2026.03.16
米医療機器大手ストライカー/Strykerへのサイバー攻撃
2026年3月11日に発生した米医療機器大手ストライカーへのサイバー攻撃が報じられました。親イラン派のハッカー集団「Handala」が、イラン国内への軍事攻撃に対する報復として実行したとされる、極めて破壊的な事例です。
この事件から得られる「教訓と学び(Lessons and Learned)」を、5つのポイントでまとめました。
1. 「金銭」から「破壊」へのパラダイムシフト
従来のサイバー攻撃の多くは身代金目的(ランサムウェア)でしたが、今回はデータを完全に消去するワイパー(Wiper)型マルウェアが使用されました。

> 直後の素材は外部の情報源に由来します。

(* Let $A\in\mathbb{R}^{n\times n}$ with $\rho(A)<1$, $C\in\mathbb{R}^{m\times n}$, and $Q\in\mathbb{R}^{n\times n}$, $R\in\mathbb{R}^{m\times m}$ symmetric positive definite, with $(A,C)$ observable and $(A,Q^{1/2})$ controllable. Let $\bar P$ be the unique stabilizing positive definite solution of $$\bar P = A\bar PA^{\intercal}+Q-(A\bar PA^{\intercal}+Q)C^{\intercal}\big(C(A\bar PA^{\intercal}+Q)C^{\intercal}+R\big)^{-1}C(A\bar PA^{\intercal}+Q),$$ and let $P^{OP}=L(A,Q)$. Let $\bar\gamma\in(0,1)$ and $\mu\in(0,1)$ (in particular $\mu<1$ and $\bar\gamma<1$). Let $(\lambda_k)_{k\ge1}$ be i.i.d. $\{0,1\}$-valued with $\mathbb{P}[\lambda_k=0]=\bar\gamma$, and $(u_k)_{k\ge1}$ i.i.d. $\{0,1\}$-valued with $\mathbb{P}[u_k=0]=\mu$, independent of $(\lambda_k)$. With a fixed symmetric positive semidefinite $P_0$, define for $k\ge1$: $P_k=\bar P$ if $(\lambda_k,u_k)=(1,1)$, and $P_k=AP_{k-1}A^{\intercal}+Q$ otherwise. Let $J(\mu)=\operatorname{tr}\lim_{k\to\infty}\mathbb{E}[P_k]$. Then $J(\mu)<\operatorname{tr}P^{OP}$.
   Context: For a square matrix $T$ with $\rho(T)<1$ and a symmetric matrix $U$, $L(T,U)$ denotes the unique solution $V$ of $V=TVT^{\intercal}+U$, equivalently $L(T,U)=\sum_{j=0}^{\infty}T^jU(T^{\intercal})^j$; $P^{OP}$ is the open-loop (prediction-only) error covariance. $P_k$ models the error covariance of a legitimate user who receives the sensor's Kalman estimate only when the packet arrives and is not noise, and otherwise predicts with the model. *)

theory Defs
  imports "HOL-Analysis.Analysis" "HOL-Probability.Probability"
begin

primrec mpow :: "real^'n^'n \<Rightarrow> nat \<Rightarrow> real^'n^'n" where
  "mpow A 0 = mat 1"
| "mpow A (Suc k) = A ** mpow A k"

definition cmat :: "real^'n^'n \<Rightarrow> complex^'n^'n" where
  "cmat A = (\<chi> i j. complex_of_real (A $ i $ j))"

definition eigenvalues_c :: "real^'n^'n \<Rightarrow> complex set" where
  "eigenvalues_c A = {c. \<exists>v::complex^'n. v \<noteq> 0 \<and> cmat A *v v = c *s v}"

definition spectral_radius :: "real^'n^'n \<Rightarrow> real" where
  "spectral_radius A = Max (norm ` eigenvalues_c A)"

definition pos_def :: "real^'n^'n \<Rightarrow> bool" where
  "pos_def M \<longleftrightarrow> transpose M = M \<and> (\<forall>x. x \<noteq> 0 \<longrightarrow> 0 < x \<bullet> (M *v x))"

definition pos_semidef :: "real^'n^'n \<Rightarrow> bool" where
  "pos_semidef M \<longleftrightarrow> transpose M = M \<and> (\<forall>x. 0 \<le> x \<bullet> (M *v x))"

definition msqrt :: "real^'n^'n \<Rightarrow> real^'n^'n" where
  "msqrt Q = (THE S. pos_semidef S \<and> S ** S = Q)"

text \<open>Observability of (A,C): the observability matrix [C; CA; ...; CA^(n-1)] has full column rank.\<close>
definition observable :: "real^'n^'n \<Rightarrow> real^'n^'m \<Rightarrow> bool" where
  "observable A C \<longleftrightarrow>
     (\<forall>x::real^'n. (\<forall>i<CARD('n). C *v (mpow A i *v x) = 0) \<longrightarrow> x = 0)"

text \<open>Controllability of (A,B): [B, AB, ..., A^(n-1)B] has full row rank.\<close>
definition controllable :: "real^'n^'n \<Rightarrow> real^'k^'n \<Rightarrow> bool" where
  "controllable A B \<longleftrightarrow>
     (\<forall>x::real^'n. (\<forall>i<CARD('n). x v* (mpow A i ** B) = 0) \<longrightarrow> x = 0)"

definition Lyap :: "real^'n^'n \<Rightarrow> real^'n^'n \<Rightarrow> real^'n^'n" where
  "Lyap T U = (\<Sum>j. mpow T j ** U ** transpose (mpow T j))"

definition riccati :: "real^'n^'n \<Rightarrow> real^'n^'m \<Rightarrow> real^'n^'n \<Rightarrow> real^'m^'m \<Rightarrow> real^'n^'n \<Rightarrow> real^'n^'n" where
  "riccati A C Q R P = (let M = A ** P ** transpose A + Q in
      M - M ** transpose C ** matrix_inv (C ** M ** transpose C + R) ** C ** M)"

definition kgain :: "real^'n^'n \<Rightarrow> real^'n^'m \<Rightarrow> real^'n^'n \<Rightarrow> real^'m^'m \<Rightarrow> real^'n^'n \<Rightarrow> real^'m^'n" where
  "kgain A C Q R P = (let M = A ** P ** transpose A + Q in
      M ** transpose C ** matrix_inv (C ** M ** transpose C + R))"

text \<open>Error covariance of the legitimate user: reset to Pbar iff (lambda_k,u_k)=(1,1)
  (True encodes 1).\<close>
primrec Pseq :: "real^'n^'n \<Rightarrow> real^'n^'n \<Rightarrow> real^'n^'n \<Rightarrow> real^'n^'n
    \<Rightarrow> (nat \<Rightarrow> 'w \<Rightarrow> bool) \<Rightarrow> (nat \<Rightarrow> 'w \<Rightarrow> bool) \<Rightarrow> nat \<Rightarrow> 'w \<Rightarrow> real^'n^'n" where
  "Pseq A Q Pbar P0 lam u 0 \<omega> = P0"
| "Pseq A Q Pbar P0 lam u (Suc k) \<omega> =
     (if lam (Suc k) \<omega> \<and> u (Suc k) \<omega> then Pbar
      else A ** Pseq A Q Pbar P0 lam u k \<omega> ** transpose A + Q)"

end

theory Submission
  imports Defs "Jordan_Normal_Form.Spectral_Radius"
begin

(* Let g Y = A Y A^T + Q, L = Lyap A Q its fixpoint and p = (1 - gbar)(1 - mu) the reset
   probability. If the last reset up to time k happened j steps ago then P_k = g^j Pbar, and if
   there was none P_k = g^k P0; hence E[P_k] converges to the geometric mixture
   sum_j p (1 - p)^j g^j Pbar. Since g^j Pbar - L = A^j (Pbar - L) (A^T)^j, it suffices that
   Pbar - L is negative semidefinite with negative trace. The Riccati equation gives
   Pbar - L = A (Pbar - L) A^T - K with a positive semidefinite correction K, so iterating and
   using A^j -> 0 yields Pbar - L <= -K; and tr K > 0 because C <> 0 by observability. *)

hide_const (open) Matrix.mat Spectral_Radius.spectral_radius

● 教訓:「お金を払えば復旧できる」という前提が通用しない。
● 学び:バックアップの重要性は言うまでもなく、オフライン(エアギャップ)での保管や、攻撃者がバックアップ自体を消去できない「不変ストレージ(Immutable Storage)」の導入が不可欠です。
2. MDM(端末管理システム)の武器化
今回の攻撃で最も衝撃的だったのは、Microsoft Intuneなどの管理システムが悪用され、世界中の従業員のノートPCやスマホが遠隔操作で一斉に初期化(ワイプ)されたことです。
● 教訓:全端末を一括管理する便利なツールが、一瞬で「全端末を破壊する兵器」に変わり得る。

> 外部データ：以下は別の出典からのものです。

(* $\mathrm{cov}^{*}(\mathcal{Z})\leq\mathrm{cov}^{*}(\mathrm{tr}(\mathcal{N}))\leq\mathfrak{r}$.
   Context: $\mathcal{Z}$ is the density zero ideal on $\omega$: $A\in\mathcal{Z}$ iff $\lim_{n}|A\cap n|/n=0$. $\mathcal{N}$ is the ideal of Lebesgue null subsets of $2^\omega$, and $\mathrm{tr}(\mathcal{N})$ is the ideal on $2^{<\omega}$ of those $A$ with $\{x\in2^{\omega}:x|_{n}\in A$ for infinitely many $n\}\in\mathcal{N}$. For a tall ideal $\mathcal{J}$ on a countable set $X$, $\mathrm{cov}^{*}(\mathcal{J})=\min\{|\mathcal{F}|:\mathcal{F}\subseteq\mathcal{J}$ and for every infinite $Y\subseteq X$ there is $F\in\mathcal{F}$ with $|F\cap Y|=\omega\}$. $\mathfrak{r}$ is the reaping number. *)

theory Defs
  imports "HOL-Probability.Probability"
begin

definition card_le :: "'a set \<Rightarrow> 'b set \<Rightarrow> bool" where
  "card_le A B \<longleftrightarrow> (\<exists>f. inj_on f A \<and> f ` A \<subseteq> B)"

definition density_zero_ideal :: "nat set set" where
  "density_zero_ideal = {A. (\<lambda>n. real (card (A \<inter> {..<n})) / real n) \<longlonglongrightarrow> 0}"

definition cantor_measure :: "(nat \<Rightarrow> bool) measure" where
  "cantor_measure = PiM UNIV (\<lambda>_. measure_pmf (bernoulli_pmf (1/2)))"

definition cantor_null :: "(nat \<Rightarrow> bool) set set" where
  "cantor_null = {A. \<exists>B \<in> null_sets cantor_measure. A \<subseteq> B}"

definition restr :: "(nat \<Rightarrow> bool) \<Rightarrow> nat \<Rightarrow> bool list" where
  "restr x n = map x [0..<n]"

definition trN :: "bool list set set" where
  "trN = {A. {x. infinite {n. restr x n \<in> A}} \<in> cantor_null}"

definition covstar_family :: "'a set set \<Rightarrow> 'a set \<Rightarrow> 'a set set \<Rightarrow> bool" where
  "covstar_family J X F \<longleftrightarrow> F \<subseteq> J \<and>
     (\<forall>Y. Y \<subseteq> X \<and> infinite Y \<longrightarrow> (\<exists>A\<in>F. infinite (A \<inter> Y)))"

definition reaping_family :: "nat set set \<Rightarrow> bool" where
  "reaping_family R \<longleftrightarrow> (\<forall>A\<in>R. infinite A) \<and>
     (\<forall>S. \<exists>A\<in>R. finite (A \<inter> S) \<or> finite (A - S))"

end

theory Submission
  imports Defs "HOL-Library.Equipollence" "HOL-Library.Discrete_Functions"
begin

text \<open>
  If \<open>A \<in> tr(N)\<close>, the points with infinitely many prefixes in \<open>A\<close> form a null set, so
  the proportion of strings of length \<open>n\<close> that lie in \<open>A\<close> tends to \<open>0\<close>. Reading a string
  \<open>s\<close> as the binary number \<open>1s\<close> sends the level \<open>n\<close> into \<open>[2^n, 2^(n+1))\<close>, hence sends
  \<open>tr(N)\<close> into \<open>Z\<close>; being injective with cofinite range it turns a \<open>cov\<^sup>*\<close> family for
  \<open>tr(N)\<close> into one for \<open>Z\<close>.

  For the second inequality, an infinite \<open>D \<subseteq> \<omega>\<close> determines the set of strings \<open>t\<close>
  which, on the upper half of the elements of \<open>D\<close> below \<open>|t|\<close>, are constant up to some
  threshold and constant after it. The window has about \<open>k/2\<close> elements at stage \<open>k\<close>,
  so the corresponding events in Cantor space are summable and Borel--Cantelli puts this
  set into \<open>tr(N)\<close>. Given an infinite set \<open>Y\<close> of strings, a Koenig argument gives a branch \<open>x\<close>
  and strings \<open>y\<^sub>j \<in> Y\<close> extending \<open>x|L\<^sub>j\<close> of length \<open>L\<^sub>j\<^sub>+\<^sub>1\<close>. If \<open>A\<^sub>1\<close> in a reaping
  family reaps \<open>x\<close> and \<open>A\<^sub>2\<close> reaps the values of the \<open>y\<^sub>j\<close> read along \<open>A\<^sub>1\<close>, then for
  \<open>D = A\<^sub>1[A\<^sub>2]\<close> almost all \<open>y\<^sub>j\<close> have this shape with threshold \<open>L\<^sub>j\<close>. Reaping
  families are uncountable, so a reaping family \<open>R\<close> has as many members as \<open>R \<times> R\<close>.
\<close>

section \<open>Cantor space\<close>

interpretation coin_flips: product_prob_space "\<lambda>_::nat. measure_pmf (bernoulli_pmf (1/2))" UNIV
  by unfold_locales (simp add: prob_space_measure_pmf)

interpretation cantor_measure: prob_space cantor_measure
  unfolding cantor_measure_def by (rule coin_flips.P.prob_space_axioms)

lemma space_cantor_measure [simp]: "space cantor_measure = UNIV"
  by (simp add: cantor_measure_def space_PiM)

lemma cylinder_in_sets:
  assumes "finite J"
  shows "{x. \<forall>i\<in>J. x i = v i} \<in> sets cantor_measure"
proof -
  have "{x\<in>space cantor_measure. \<forall>i\<in>J. x i = v i} \<in> sets cantor_measure"
    unfolding cantor_measure_def using assms by measurable
  then show ?thesis
    by simp
qed

lemma measure_cylinder:
  assumes "finite J"
  shows "measure cantor_measure {x. \<forall>i\<in>J. x i = v i} = (1/2) ^ card J"
proof -
  have "{x. \<forall>i\<in>J. x i = v i} =
      {x\<in>space (Pi\<^sub>M UNIV (\<lambda>_. measure_pmf (bernoulli_pmf (1/2)))). \<forall>i\<in>J. x i \<in> {v i}}"
    by (auto simp: space_PiM)
  then have "emeasure cantor_measure {x. \<forall>i\<in>J. x i = v i} =
      (\<Prod>i\<in>J. emeasure (measure_pmf (bernoulli_pmf (1/2))) {v i})"
    unfolding cantor_measure_def using coin_flips.emeasure_PiM_Collect[of J "\<lambda>i. {v i}"] assms
    by simp
  also have "\<dots> = (\<Prod>i\<in>J. ennreal (1/2))"
    by (intro prod.cong) (auto simp: emeasure_pmf_single split: bool.splits)
  also have "\<dots> = ennreal ((1/2) ^ card J)"
    by (subst prod_ennreal) simp_all
  finally show ?thesis
    by (simp add: measure_def)
qed

lemma length_restr [simp]: "length (restr x n) = n"
  by (simp add: restr_def)

lemma nth_restr [simp]: "i < n \<Longrightarrow> restr x n ! i = x i"
  by (simp add: restr_def)

lemma restr_eq_iff: "length s = n \<Longrightarrow> restr x n = s \<longleftrightarrow> (\<forall>i\<in>{..<n}. x i = s ! i)"
  by (auto simp: list_eq_iff_nth_eq)

definition level :: "bool list set \<Rightarrow> nat \<Rightarrow> bool list set" where
  "level A n = {s\<in>A. length s = n}"

lemma level_subset_lists: "level A n \<subseteq> {s. set s \<subseteq> UNIV \<and> length s = n}"
  by (auto simp: level_def)

lemma finite_level [simp]: "finite (level A n)"
  by (rule finite_subset[OF level_subset_lists]) (rule finite_lists_length_eq, simp)

lemma card_level_le: "card (level A n) \<le> 2 ^ n"
proof -
  have "card (level A n) \<le> card {s. set s \<subseteq> (UNIV :: bool set) \<and> length s = n}"
    by (rule card_mono[OF _ level_subset_lists]) (rule finite_lists_length_eq, simp)
  then show ?thesis
    using card_lists_length_eq[of "UNIV :: bool set" n] by simp
qed

lemma restr_in_eq_UN_cylinders:
  "{x. restr x n \<in> A} = (\<Union>s\<in>level A n. {x. \<forall>i\<in>{..<n}. x i = s ! i})"
proof -
  have "restr x n \<in> A \<longleftrightarrow> (\<exists>s\<in>level A n. \<forall>i\<in>{..<n}. x i = s ! i)" for x
  proof
    assume "restr x n \<in> A"
    then show "\<exists>s\<in>level A n. \<forall>i\<in>{..<n}. x i = s ! i"
      by (intro bexI[of _ "restr x n"]) (auto simp: level_def)
  next
    assume "\<exists>s\<in>level A n. \<forall>i\<in>{..<n}. x i = s ! i"
    then obtain s where "s \<in> level A n" "\<forall>i\<in>{..<n}. x i = s ! i"
      by blast
    then show "restr x n \<in> A"
      using restr_eq_iff[of s n x] by (simp add: level_def)
  qed
  then show ?thesis
    by blast
qed

lemma restr_in_sets: "{x. restr x n \<in> A} \<in> sets cantor_measure"
  unfolding restr_in_eq_UN_cylinders by (intro sets.finite_UN finite_level cylinder_in_sets) auto

lemma measure_restr_in: "measure cantor_measure {x. restr x n \<in> A} = card (level A n) / 2 ^ n"
proof -
  have "s = t" if "s \<in> level A n" "t \<in> level A n"
    and "\<forall>i\<in>{..<n}. x i = s ! i" "\<forall>i\<in>{..<n}. x i = t ! i" for s t x
    using that restr_eq_iff[of s n x] restr_eq_iff[of t n x] by (simp add: level_def)
  then have "disjoint_family_on (\<lambda>s. {x. \<forall>i\<in>{..<n}. x i = s ! i}) (level A n)"
    by (auto simp: disjoint_family_on_def)
  then have "measure cantor_measure {x. restr x n \<in> A} =
      (\<Sum>s\<in>level A n. measure cantor_measure {x. \<forall>i\<in>{..<n}. x i = s ! i})"
    unfolding restr_in_eq_UN_cylinders
    by (intro measure_finite_Union) (auto intro: cylinder_in_sets)
  then show ?thesis
    by (simp add: measure_cylinder power_one_over)
qed

lemma (in finite_measure) measure_tendsto_0_if_AE_finitely_many:
  assumes sets: "\<And>n. C n \<in> sets M" and AE: "AE x in M. finite {n. x \<in> C n}"
  shows "(\<lambda>n. measure M (C n)) \<longlonglongrightarrow> 0"
proof -
  define U where "U N = (\<Union>n\<in>{N..}. C n)" for N
  have U: "range U \<subseteq> sets M"
    using sets unfolding U_def by (intro image_subsetI sets.countable_UN) simp
  have "decseq U"
    unfolding U_def by (intro decseq_SucI UN_mono) auto
  then have "(\<lambda>N. measure M (U N)) \<longlonglongrightarrow> measure M (\<Inter>N. U N)"
    by (rule finite_Lim_measure_decseq[OF U])
  moreover have "(\<Inter>N. U N) = {x\<in>space M. infinite {n. x \<in> C n}}"
    using sets.sets_into_space[OF sets]
    by (auto simp: U_def infinite_nat_iff_unbounded_le) blast
  ultimately have U_tendsto: "(\<lambda>N. measure M (U N)) \<longlonglongrightarrow> 0"
    using emeasure_eq_0_AE[of "\<lambda>x. infinite {n. x \<in> C n}"] AE by (simp add: measure_def)
  have C_le_U: "measure M (C N) \<le> measure M (U N)" for N
    using U unfolding U_def by (intro finite_measure_mono) auto
  show ?thesis
    by (rule tendsto_sandwich[where f="\<lambda>_. 0" and h="\<lambda>N. measure M (U N)"])
      (use C_le_U U_tendsto in \<open>auto intro: always_eventually\<close>)
qed

lemma trN_level_density:
  assumes "A \<in> trN"
  shows "(\<lambda>n. real (card (level A n)) / 2 ^ n) \<longlonglongrightarrow> 0"
proof -
  obtain B where "B \<in> null_sets cantor_measure" "{x. infinite {n. restr x n \<in> A}} \<subseteq> B"
    using assms unfolding trN_def cantor_null_def by blast
  then have "AE x in cantor_measure. finite {n. restr x n \<in> A}"
    by (intro AE_I') auto
  then show ?thesis
    using cantor_measure.measure_tendsto_0_if_AE_finitely_many[OF restr_in_sets]
    by (simp add: measure_restr_in)
qed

● 学び:特権アカウント(管理者権限)の保護(多要素認証やジャストインタイムアクセス)を徹底し、万が一の際に一括ワイプを阻止できる「キルスイッチ」や階層的な管理構造の検討が必要です。
3. 地政学的リスクの「実体化」
この攻撃は、米国・イスラエルによるイランへの軍事行動に対する「報復」として行われました。
● 教訓:企業のセキュリティは、自社の落ち度だけでなく、国家間の緊張状態に直結している。

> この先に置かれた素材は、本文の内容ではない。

(* For all integers $k,\ell_1,\ell_2\ge 0$ with $\ell_1+\ell_2\ge k>0$, \[ y_{k,\ell_1,\ell_2}=y_{k-1,\ell_1,\ell_2}+y_{k,\ell_1-1,\ell_2}+(2\ell_2+\ell_1+k-1)\,y_{k,\ell_1,\ell_2-1}, \] and moreover $y_{0,0,0}=1$.
   Context: For integers $k,\ell_1,\ell_2\ge 0$ with $N:=\ell_1+\ell_2\ge k$, a Young tableau with walls and holes of type $(k,\ell_1,\ell_2)$ consists of a subset $S\subseteq\{1,\dots,N\}$ with $|S|=\ell_2$ together with a bijective filling of the cells of the following three-row shape with the integers $1,\dots,k+\ell_1+2\ell_2$: the top row has cells in columns $1,\dots,k$, the middle row has cells in columns $1,\dots,N$, and the bottom row has cells exactly in the columns belonging to $S$. The filling must increase from left to right along the top row and along the middle row, and increase from bottom to top within every column; no condition is imposed among entries of the bottom row. $y_{k,\ell_1,\ell_2}$ is the number of such tableaux (pairs $(S,\text{filling})$). By convention $y_{k,\ell_1,\ell_2}=0$ if some index is negative or if $k>\ell_1+\ell_2$. *)

theory Defs
  imports Main
begin

definition ww_cells :: "nat \<Rightarrow> nat \<Rightarrow> nat set \<Rightarrow> (nat \<times> nat) set" where
  "ww_cells k N S = {(1, j) | j. j \<in> {1..k}} \<union> {(2, j) | j. j \<in> {1..N}} \<union> {(3, j) | j. j \<in> S}"

text \<open>Tableaux with walls and holes of type (k,l1,l2): pairs (S, f) with f a bijective filling
  (extended by 0 outside the shape, so that the set is finite).\<close>
definition ww_tableaux :: "nat \<Rightarrow> nat \<Rightarrow> nat \<Rightarrow> (nat set \<times> (nat \<times> nat \<Rightarrow> nat)) set" where
  "ww_tableaux k l1 l2 =
     {(S, f). S \<subseteq> {1..l1 + l2} \<and> card S = l2 \<and>
        bij_betw f (ww_cells k (l1 + l2) S) {1..k + l1 + 2 * l2} \<and>
        (\<forall>c. c \<notin> ww_cells k (l1 + l2) S \<longrightarrow> f c = 0) \<and>
        (\<forall>i j. 1 \<le> i \<and> i < j \<and> j \<le> k \<longrightarrow> f (1, i) < f (1, j)) \<and>
        (\<forall>i j. 1 \<le> i \<and> i < j \<and> j \<le> l1 + l2 \<longrightarrow> f (2, i) < f (2, j)) \<and>
        (\<forall>j. 1 \<le> j \<and> j \<le> k \<longrightarrow> f (2, j) < f (1, j)) \<and>
        (\<forall>j \<in> S. f (3, j) < f (2, j))}"

definition y :: "int \<Rightarrow> int \<Rightarrow> int \<Rightarrow> nat" where
  "y k l1 l2 = (if k < 0 \<or> l1 < 0 \<or> l2 < 0 \<or> k > l1 + l2 then 0
                else card (ww_tableaux (nat k) (nat l1) (nat l2)))"

end

theory Submission
  imports Defs
begin

text \<open>
  A tableau of type (k, l1, l2) is its hole set S together with a linear extension of the cells
  ordered by: rows 1 and 2 increase to the right, columns increase upwards. The largest entry
  k + l1 + 2 l2 occupies a maximal cell, which is the end (1, k) of the top row or, when
  k < l1 + l2 = N, the end (2, N) of the middle row. Deleting (1, k) leaves a tableau of type
  (k - 1, l1, l2). Deleting (2, N) leaves one of type (k, l1 - 1, l2) if column N has no hole;
  otherwise the hole (3, N) becomes incomparable to every other cell, so it may carry any of the
  k + l1 + 2 l2 - 1 remaining values, and standardising the other entries leaves a tableau of
  type (k, l1, l2 - 1).
\<close>

lemma bij_betw_Diff_singleton_iff:
  assumes "c \<in> C" "f c \<in> B"
  shows "bij_betw f (C - {c}) (B - {f c}) \<longleftrightarrow> bij_betw f C B"
  using notIn_Un_bij_betw3[of c "C - {c}" f "B - {f c}"] assms by (simp add: insert_absorb)

lemma bij_betw_fun_upd_Diff_singleton:
  "bij_betw (f(c := v)) (C - {c}) B \<longleftrightarrow> bij_betw f (C - {c}) B"
  by (rule bij_betw_cong) simp

lemma bij_betw_Diff_singleton_subsets:
  assumes "finite A" "a \<in> A"
  shows "bij_betw (\<lambda>S. S - {a}) {S. S \<subseteq> A \<and> card S = Suc m \<and> a \<in> S} {S. S \<subseteq> A - {a} \<and> card S = m}"
proof (rule bij_betw_byWitness[where f' = "insert a"])
  have fin: "finite S" if "S \<subseteq> A" for S
    using assms(1) that finite_subset by blast
  show "(\<lambda>S. S - {a}) ` {S. S \<subseteq> A \<and> card S = Suc m \<and> a \<in> S} \<subseteq> {S. S \<subseteq> A - {a} \<and> card S = m}"
  proof (rule image_subsetI)
    fix S assume "S \<in> {S. S \<subseteq> A \<and> card S = Suc m \<and> a \<in> S}"
    with fin show "S - {a} \<in> {S. S \<subseteq> A - {a} \<and> card S = m}"
      by auto
  qed
  show "insert a ` {S. S \<subseteq> A - {a} \<and> card S = m} \<subseteq> {S. S \<subseteq> A \<and> card S = Suc m \<and> a \<in> S}"
  proof (rule image_subsetI)
    fix S assume S: "S \<in> {S. S \<subseteq> A - {a} \<and> card S = m}"
    then have "finite S"
      using fin by blast
    with S assms(2) show "insert a S \<in> {S. S \<subseteq> A \<and> card S = Suc m \<and> a \<in> S}"
      by (auto simp: card_insert_if)
  qed
  show "\<forall>S\<in>{S. S \<subseteq> A \<and> card S = Suc m \<and> a \<in> S}. insert a (S - {a}) = S"
    by auto
  show "\<forall>S\<in>{S. S \<subseteq> A - {a} \<and> card S = m}. insert a S - {a} = S"
    by auto
qed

● 学び:脅威インテリジェンス(外部情勢の監視)を強化し、国際情勢が悪化した際には、通常時よりも高い警戒レベル(パッチ適用の迅速化、監視の強化)に即座に移行できる体制を整えるべきです。
4. BYOD(個人端末の業務利用)の罠
多くの従業員の私用スマホもワイプされ、個人の写真やデータが消失しました。
● 教訓:会社が管理するプロファイルを入れている以上、個人の私生活も会社のセキュリティ事故に巻き込まれる。
● 学び:BYOD(Bring Your Own Device)のポリシーを見直し、業務データと個人データを完全に分離するコンテナ化技術の採用や、事故発生時の法的・倫理的な責任範囲を再定義する必要があります。
5. サプライチェーンとしての医療機器メーカー
ストライカーは1億5,000万人以上の患者に製品を提供しており、その停止は病院の外科手術や治療に直結します。
● 教訓:医療機器メーカーへの攻撃は、単なる企業の損失ではなく「人命」に関わる重要インフラへの攻撃である。
● 学び:医療機関側は、特定のメーカーのシステムがダウンした際の代替手段(マニュアル操作の維持や予備機器の確保)をBCP(事業継続計画)に組み込んでおく必要があります。
まとめ: 今回の事件は、「便利で効率的な中央集中型の管理システム」が、国家レベルのサイバー戦争において最大の弱点になることを露呈させました。